セキュリティ教育を毎年実施していると、「今年は何をやろうか」「昨年と同じ内容になってしまう」と悩む担当者は少なくありません。

また、基本的なテーマはひととおり実施し、クイズやテストも取り入れてきたものの、新鮮さを出すのが難しくなってきたと感じている方も多いものです。

本記事では、セキュリティ教育のマンネリを感じている担当者に向けて、新しいネタの考え方や切り口を整理します。
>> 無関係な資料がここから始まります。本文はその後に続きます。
lemma ind_at_mult_diff:
  fixes q d r :: "real poly"
  assumes "q \<noteq> 0"
  shows "ind_at (d * q - r) q x = - ind_at r q x"
proof (cases "r \<noteq> 0 \<and> order x r < order x q")
  case True
  \<comment> \<open>\<open>q\<close> vanishes to higher order than \<open>r\<close> at \<open>x\<close>, so \<open>dq - r\<close> behaves like \<open>-r\<close> there\<close>
  define a b where "a = order x r" and "b = order x q"
  obtain g where g: "r = [:-x, 1:] ^ a * g" "poly g x \<noteq> 0"
    using order_decomp_nonroot[of r x] True unfolding a_def by blast
  obtain h where h: "q = [:-x, 1:] ^ b * h" "poly h x \<noteq> 0"
    using order_decomp_nonroot[OF assms] unfolding b_def by blast
  have "a < b"
    using True by (simp add: a_def b_def)
  define k where "k = d * [:-x, 1:] ^ (b - a) * h - g"
  have dqr: "d * q - r = [:-x, 1:] ^ a * k"
  proof -
    have "q = [:-x, 1:] ^ a * ([:-x, 1:] ^ (b - a) * h)"
      using h(1) \<open>a < b\<close> by (simp add: mult.assoc[symmetric] power_add[symmetric])
    then show ?thesis
      using g(1) by (simp add: k_def algebra_simps)
  qed
  have k: "poly k x = - poly g x"
    using \<open>a < b\<close> by (simp add: k_def)
  then have "poly k x \<noteq> 0"
    using g(2) by simp
  from ind_at_decomp[OF dqr h(1) this h(2)] ind_at_decomp[OF g(1) h(1) g(2) h(2)]
  show ?thesis
    by (simp add: k sign_mult sign_uminus)
next
  case False
  then have "[:-x, 1:] ^ order x q dvd r"
    by (auto simp: order_divides)
  moreover have "[:-x, 1:] ^ order x q dvd d * q"
    by (simp add: order_1)
  ultimately show ?thesis
    by (simp add: ind_at_eq_0_if_dvd)
qed

lemma ind_real_0: "ind_real 0 q = 0"
  by (simp add: ind_real_def ind_at_0)

lemma ind_real_eq_sum_superset:
  fixes p q :: "real poly"
  assumes "finite S" and "{x. poly q x = 0} \<subseteq> S"
  shows "ind_real p q = (\<Sum>x\<in>S. ind_at p q x)"
  unfolding ind_real_def
proof (rule sum.mono_neutral_left[OF assms])
  show "\<forall>x\<in>S - {x. poly q x = 0}. ind_at p q x = 0"
    by (auto intro: ind_at_eq_0_if_dvd simp: order_0I)
qed

lemma ind_real_mult_diff:
  fixes q d r :: "real poly"
  assumes "q \<noteq> 0"
  shows "ind_real (d * q - r) q = - ind_real r q"
  by (simp add: ind_real_def ind_at_mult_diff[OF assms] sum_negf)

lemma ind_real_add_swap:
  fixes p q :: "real poly"
  assumes "p \<noteq> 0" and "q \<noteq> 0"
  shows "ind_real p q + ind_real q p = (\<Sum>x\<in>{x. poly (p * q) x = 0}. sign_jump (p * q) x)"
proof -
  let ?Z = "{x. poly (p * q) x = 0}"
  have "finite ?Z"
    using assms by (simp add: poly_roots_finite)
  then have "ind_real p q = (\<Sum>x\<in>?Z. ind_at p q x)" "ind_real q p = (\<Sum>x\<in>?Z. ind_at q p x)"
    by (auto intro: ind_real_eq_sum_superset)
  then show ?thesis
    by (simp add: sum.distrib[symmetric] ind_at_add_swap[OF assms])
qed

lemma sign_jump_linear_mult_other:
  fixes s :: "real poly"
  assumes "s \<noteq> 0" and "x \<noteq> c"
  shows "sign_jump ([:-c, 1:] * s) x = sign (x - c) * sign_jump s x"
proof -
  obtain h where h: "s = [:-x, 1:] ^ order x s * h" "poly h x \<noteq> 0"
    using order_decomp_nonroot[OF assms(1)] .
  have "[:-c, 1:] * s = [:-x, 1:] ^ order x s * ([:-c, 1:] * h)"
    using h(1) by (metis mult.left_commute)
  moreover have hc: "poly ([:-c, 1:] * h) x = (x - c) * poly h x"
    by (simp add: algebra_simps)
  moreover have "poly ([:-c, 1:] * h) x \<noteq> 0"
    using h(2) assms(2) by (simp add: hc)
  ultimately show ?thesis
    using sign_jump_decomp[OF h] by (simp add: sign_jump_decomp sign_mult)
qed

lemma sign_jump_linear_mult_at_largest_root:
  fixes s :: "real poly"
  assumes "s \<noteq> 0" and no_root: "\<forall>x>c. poly s x \<noteq> 0"
  shows "sign_jump ([:-c, 1:] * s) c + sign_jump s c = sign (lead_coeff s)"
proof -
  obtain g where g: "s = [:-c, 1:] ^ order c s * g" "poly g c \<noteq> 0"
    using order_decomp_nonroot[OF assms(1)] .
  have "[:-c, 1:] * s = [:-c, 1:] ^ Suc (order c s) * g"
    by (subst g(1)) (simp only: power_Suc mult.assoc)
  from sign_jump_decomp[OF this g(2)] sign_jump_decomp[OF g]
  have "sign_jump ([:-c, 1:] * s) c + sign_jump s c = sign (poly g c)"
    by simp
  also have "\<dots> = sign (lead_coeff g)"
  proof (rule sign_poly_eq_lead_coeff_if_no_root_above, intro allI impI)
    fix x :: real
    assume "c \<le> x"
    show "poly g x \<noteq> 0"
    proof (cases "x = c")
      case False
      then have "poly s x \<noteq> 0"
        using no_root \<open>c \<le> x\<close> by simp
      then show ?thesis
        by (subst (asm) g(1)) simp
    qed (use g(2) in simp)
  qed
  also have "lead_coeff g = lead_coeff s"
    using arg_cong[OF g(1), of lead_coeff] by (simp add: lead_coeff_mult lead_coeff_power)
  finally show ?thesis .
qed

lemma sum_sign_jump_linear_mult:
  fixes s :: "real poly"
  assumes "s \<noteq> 0" and no_root: "\<forall>x>c. poly s x \<noteq> 0"
  shows "(\<Sum>x\<in>{x. poly ([:-c, 1:] * s) x = 0}. sign_jump ([:-c, 1:] * s) x)
           = sign (lead_coeff s) - (\<Sum>x\<in>{x. poly s x = 0}. sign_jump s x)"
proof -
  define r where "r = [:-c, 1:] * s"
  let ?T = "{x. poly r x = 0}"
  have T: "?T = insert c {x. poly s x = 0}" and "finite ?T"
    using assms(1) by (auto simp: r_def poly_roots_finite)
  have "(\<Sum>x\<in>{x. poly s x = 0}. sign_jump s x) = (\<Sum>x\<in>?T. sign_jump s x)"
    unfolding T by (rule sum.mono_neutral_left) (auto simp: sign_jump_def order_0I poly_roots_finite assms(1))
  moreover have "(\<Sum>x\<in>?T. sign_jump r x + sign_jump s x) = sign (lead_coeff s)"
  proof -
    have "sign_jump r x + sign_jump s x = 0" if "x \<in> ?T - {c}" for x
    proof -
      have "poly s x = 0" "x \<noteq> c"
        using that by (auto simp: T)
      with no_root have "x < c"
        by (meson not_less_iff_gr_or_eq)
      then show ?thesis
        unfolding r_def by (subst sign_jump_linear_mult_other[OF assms(1)]) (simp_all add: sign_neg)
    qed
    then have "(\<Sum>x\<in>?T - {c}. sign_jump r x + sign_jump s x) = 0"
      by (rule sum.neutral[rule_format])
    moreover have "c \<in> ?T"
      by (simp add: T)
    moreover have "sign_jump r c + sign_jump s c = sign (lead_coeff s)"
      unfolding r_def by (rule sign_jump_linear_mult_at_largest_root[OF assms])
    ultimately show ?thesis
      using \<open>finite ?T\<close> by (simp add: sum.remove[of ?T c])
  qed
  ultimately show ?thesis
    unfolding r_def[symmetric] by (simp add: sum.distrib)
qed

lemma sum_sign_jump:
  fixes r :: "real poly"
  assumes "r \<noteq> 0"
  shows "2 * (\<Sum>x\<in>{x. poly r x = 0}. sign_jump r x) = sign (lead_coeff r) * (1 - (-1) ^ degree r)"
  using assms
proof (induction "degree r" arbitrary: r rule: less_induct)
  case less
  show ?case
  proof (cases "\<exists>x. poly r x = 0")
    case False
    then have "sign (poly r 0) = sign (lead_coeff r)"
      and "sign (poly r 0) = (-1) ^ degree r * sign (lead_coeff r)"
      by (auto intro: sign_poly_eq_lead_coeff_if_no_root_above
          sign_poly_eq_lead_coeff_if_no_root_below)
    moreover have "sign (lead_coeff r) \<noteq> 0"
      using less.prems by (simp add: sign_def)
    ultimately have "(-1) ^ degree r = (1 :: int)"
      by (metis mult_cancel_right1)
    moreover have "{x. poly r x = 0} = {}"
      using False by simp
    ultimately show ?thesis
      by simp
  next
    case True
    let ?Z = "{x. poly r x = 0}"
    define c where "c = Max ?Z"
    have "finite ?Z"
      using less.prems by (rule poly_roots_finite)
    moreover have "?Z \<noteq> {}"
      using True by simp
    ultimately have "c \<in> ?Z"
      unfolding c_def by (rule Max_in)
    have c_max: "\<forall>x>c. poly r x \<noteq> 0"
      unfolding c_def using Max_ge[OF \<open>finite ?Z\<close>] by (auto dest: leD)
    from \<open>c \<in> ?Z\<close> have "[:-c, 1:] dvd r"
      by (simp add: poly_eq_0_iff_dvd)
    then obtain s where r: "r = [:-c, 1:] * s"
      by (elim dvdE)
    have "s \<noteq> 0"
      using less.prems r by auto
    have "\<forall>x>c. poly s x \<noteq> 0"
      using c_max by (simp add: r)
    then have "(\<Sum>x\<in>?Z. sign_jump r x) = sign (lead_coeff s) - (\<Sum>x\<in>{x. poly s x = 0}. sign_jump s x)"
      unfolding r by (rule sum_sign_jump_linear_mult[OF \<open>s \<noteq> 0\<close>])
    moreover have "degree r = Suc (degree s)"
      unfolding r using \<open>s \<noteq> 0\<close> by (subst degree_mult_eq) auto
    moreover have "lead_coeff r = lead_coeff s"
      unfolding r lead_coeff_mult by simp
    moreover note less.hyps[of s] \<open>s \<noteq> 0\<close>
    ultimately show ?thesis
      by (simp add: algebra_simps)
  qed
qed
まずは、なぜセキュリティ教育がマンネリ化しやすいのか、その背景から振り返ります。

目次[非表示]

  1. 1.セキュリティ教育がマンネリ化しやすい理由
    1. 1.1.毎年同じテーマ・同じ形式になりやすい
    2. 1.2.ネタ不足が形骸化につながってしまう
  2. 2.セキュリティ教育の「ネタ」を考える際の基本的な視点
    1. 2.1.ネタ=新しい攻撃手法だけではない
    2. 2.2.教育の目的から逆算して考える
  3. 3.セキュリティ教育で使いやすい定番ネタ
    1. 3.1.フィッシング詐欺・標的型攻撃メール
    2. 3.2.パスワード管理・情報持ち出しリスク
  4. 4.マンネリを防ぐための切り口を変えたネタ
    1. 4.1.過去の社内事例やヒヤリハット
    2. 4.2.最近話題になったセキュリティ事故
  5. 5.参加型・考えさせるネタで教育効果を高める
    1. 5.1.クイズ形式を取り入れたセキュリティ教育
    2. 5.2.ディスカッションや判断型のネタ
  6. 6.公的機関の教材・ツールの活用も効果的
    1. 6.1.IPAが提供するセキュリティ教育用教材・ツール
    2. 6.2.自社向けにアレンジして使う際の注意点
  7. 7.体験型という新しい「セキュリティ教育のネタ」
    1. 7.1.誤操作を体験させるという発想
    2. 7.2.マンネリを感じている担当者が検討しやすい理由
  8. 8.まとめ|セキュリティ教育のネタは「切り口」で広がる

セキュリティ教育がマンネリ化しやすい理由

セキュリティ教育が形だけの取り組みになってしまう背景には、いくつかの共通した要因があります。

毎年同じテーマ・同じ形式になりやすい

セキュリティ教育では、フィッシング詐欺やパスワード管理など、毎年のテーマが決まっているケースも多い反面、扱う内容が固定化しやすく、前年と大きな違いを出しにくくなります。

また、座学や動画視聴、確認テストといった形式も毎年同じになりがちです。受講者にとっては「また同じ流れだ」と感じやすいため、内容に対する関心が薄れてしまいます。

ネタ不足が形骸化につながってしまう

新しいネタが思いつかない状態が続くと、「とりあえず今年も同じ内容で実施する」と思いやすい状況になりやすくなります。結果として、教育を実施すること自体が目的になり、行動変容につながらない形骸化した教育になってしまいます。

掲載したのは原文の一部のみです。